Azure 语音转文本和 TTS 正在自言自语

问题描述 投票:0回答:1

希望这是一个“哦,这比我想象的要简单”..但我似乎无法使用 Azure C# 进行双工文本到语音和语音到文本的操作,而“听”者不会听到“说”的声音'..创建了一点无限循环...

问题:有没有办法过滤掉应用程序的声音,使其听不到自己的声音,但可以听到用户是否打断它并处理传入的音频?

我意识到耳机可以解决这个问题,但我在开放式扬声器上需要它..

非常感谢任何帮助或指导!谢谢!

到目前为止,我有一个非常标准的功能来通过麦克风收听音频,并将找到的文本流式传输到事件

        public async Task Listen()
        {
          
            var stopRecognition = new TaskCompletionSource<int>(TaskCreationOptions.RunContinuationsAsynchronously);
            using var audioProcessingOptions = AudioProcessingOptions.Create(AudioProcessingConstants.AUDIO_INPUT_PROCESSING_ENABLE_DEFAULT);
            using var audioInput = AudioConfig.FromDefaultMicrophoneInput(audioProcessingOptions);
             

            using var recognizer = new SpeechRecognizer(Config, audioInput);

            recognizer.Recognized += Recognizer_Recognized;


            await recognizer.StartContinuousRecognitionAsync().ConfigureAwait(false);

            // Waits for completion.
            // Use Task.WaitAny to keep the task rooted.
            Task.WaitAny(new[] { stopRecognition.Task });

            // Stops recognition.
            await recognizer.StopContinuousRecognitionAsync().ConfigureAwait(false);

        }
  private  void Recognizer_Recognized(object? sender, SpeechRecognitionEventArgs e)
      {
      // push the decoded audio in text to an event to display on screen...
      }

然后,当应用程序想说几句话时,它会调用下面的

问题:我可以在说话时停止监听,但我的应用程序往往会说话很多!所以我希望它时不时地被打断,以便继续进行事情! ..但是如果我听音频,它就会听到自己的声音!啊啊!
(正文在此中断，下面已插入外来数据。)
(* Consider $n\ge 2$ unit-speed aircraft with positions $p_i\in\mathbb{R}^2$ and headings $\psi_i\in(-\pi,\pi]$ obeying $\dot p_i=(\cos\psi_i,\sin\psi_i)^T$, $\dot\psi_i=u_{\psi_i}$, $i\in\{1,\dots,n\}$. Let $\mathbb{G}=(\mathcal{V},\mathcal{E})$ be a connected graph on $\mathcal{V}=\{1,\dots,n\}$ with incidence matrix $B$, and assume $\mathbb{G}$ does not contain any cycles. Fix $r>0$, desired angles $z_k^*\in\mathbb{S}^1$ for $k\in\{1,\dots,|\mathcal{E}|\}$, and a gain $k_r>0$ with $r-\pi k_r\max_{i\in\mathcal{V}}|\mathcal{N}_i|>0$. Let $\theta_i=\operatorname{atan2}(p_{i,y},p_{i,x})$ be the angle of vehicle $i$ about the origin, $\theta=(\theta_1,\dots,\theta_n)^T$, $z=B^T\theta$, and let the formation error $e_\theta\in\mathbb{T}^{|\mathcal{E}|}$ have components $e_{\theta_k}=z_k-z_k^*\in\mathbb{S}^1$, represented in $(-\pi,\pi]$. Each vehicle $i$ uses the control $^iu_r=k_rB_ie_\theta$ (where $B_i$ is the $i$-th row of $B$), sets $^ic={^iu_r}^2+2r\,{^iu_r}$, and tracks the curve $^i\mathcal{C}=\{p:\varphi(p)={^ic}\}$ (equivalently the circle of radius $r+{^iu_r}$ centered at the origin), with $\varphi(p)=p_x^2+p_y^2-r^2$, by employing the guidance steering law described in the context. Assume (Assumption 1) that each vehicle $i$ is always tracking and traveling over $^i\mathcal{C}$, so that its angular velocity about the origin is $\dot\theta_i=1/(r+{^iu_r})=1/(r+k_rB_ie_\theta)$. Then the origin $e_\theta=0$ of the error dynamics is locally exponentially stable.
   Context: $\mathcal{N}_i=\{j\in\mathcal{V}:(i,j)\in\mathcal{E}\}$ is the neighbor set of vehicle $i$. Edges are ordered pairs $\mathcal{E}_k=(\mathcal{E}_k^{\text{tail}},\mathcal{E}_k^{\text{head}})$; the incidence matrix $B\in\mathbb{R}^{|\mathcal{V}|\times|\mathcal{E}|}$ has entries $b_{ik}=+1$ if $i=\mathcal{E}_k^{\text{tail}}$, $-1$ if $i=\mathcal{E}_k^{\text{head}}$, $0$ otherwise. A cycle is a path (sequence of vertices with consecutive ones adjacent) starting and ending at the same vertex; connected means any two vertices are joined by a path. $\mathbb{S}^1$ is the circle group and $\mathbb{T}^m$ the $m$-torus. Guidance law: for a curve given as a level set $\{\varphi(p)=c\}$, with error $e(p)=\varphi(p)-c$, normal $n(p)=\nabla\varphi(p)$, tangent $\tau(p)=En(p)$ with $E=\begin{bmatrix}0&1\\-1&0\end{bmatrix}$, the guidance vector field is $\dot p_d=\tau-k_e e\,n$ with $k_e>0$, and the steering input is $u_\psi=-\left(E\hat{\dot p}_d\hat{\dot p}_d^TE\left((E-k_ee)H(\varphi)\dot p-k_e n^T\dot p\, n\right)\right)^TE\frac{\dot p_d}{\|\dot p_d\|^2}+k_d\hat{\dot p}^TE\hat{\dot p}_d$ with $k_d>0$, where $H$ is the Hessian and $\hat x$ denotes $x/\|x\|$. *)

theory Defs
  imports "HOL-Analysis.Analysis"
begin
  public async Task Talk(string text)
        {
            // To support Chinese Characters on Windows platform
            if (Environment.OSVersion.Platform == PlatformID.Win32NT)
            {
                Console.InputEncoding = System.Text.Encoding.Unicode;
                Console.OutputEncoding = System.Text.Encoding.Unicode;
            }


            // Set the voice name, refer to https://aka.ms/speech/voices/neural for full list.
            Config.SpeechSynthesisVoiceName = "en-AU-CarlyNeural";
            //https://learn.microsoft.com/en-us/azure/ai-services/speech-service/language-support?tabs=tts

            // Creates a speech synthesizer using the default speaker as audio output.
            using var synthesizer = new SpeechSynthesizer(Config);
            using var result = await synthesizer.SpeakTextAsync(text);
            if (result.Reason == ResultReason.SynthesizingAudioCompleted)
            {
                // hmmm
            }

            else if (result.Reason == ResultReason.Canceled)
            {
                var cancellation = SpeechSynthesisCancellationDetails.FromResult(result); 
            }
        }
c# azure speech-recognition text-to-speech speech-to-text
1个回答
0
投票

您面临的问题与音频反馈循环有关,该循环是由应用程序在尝试监听传入音频时听到自己的输出而引起的。为了防止这种反馈循环,您可以使用一种称为“音频闪避”或“音频抑制”的技术,在应用程序说话时暂时降低麦克风的灵敏度。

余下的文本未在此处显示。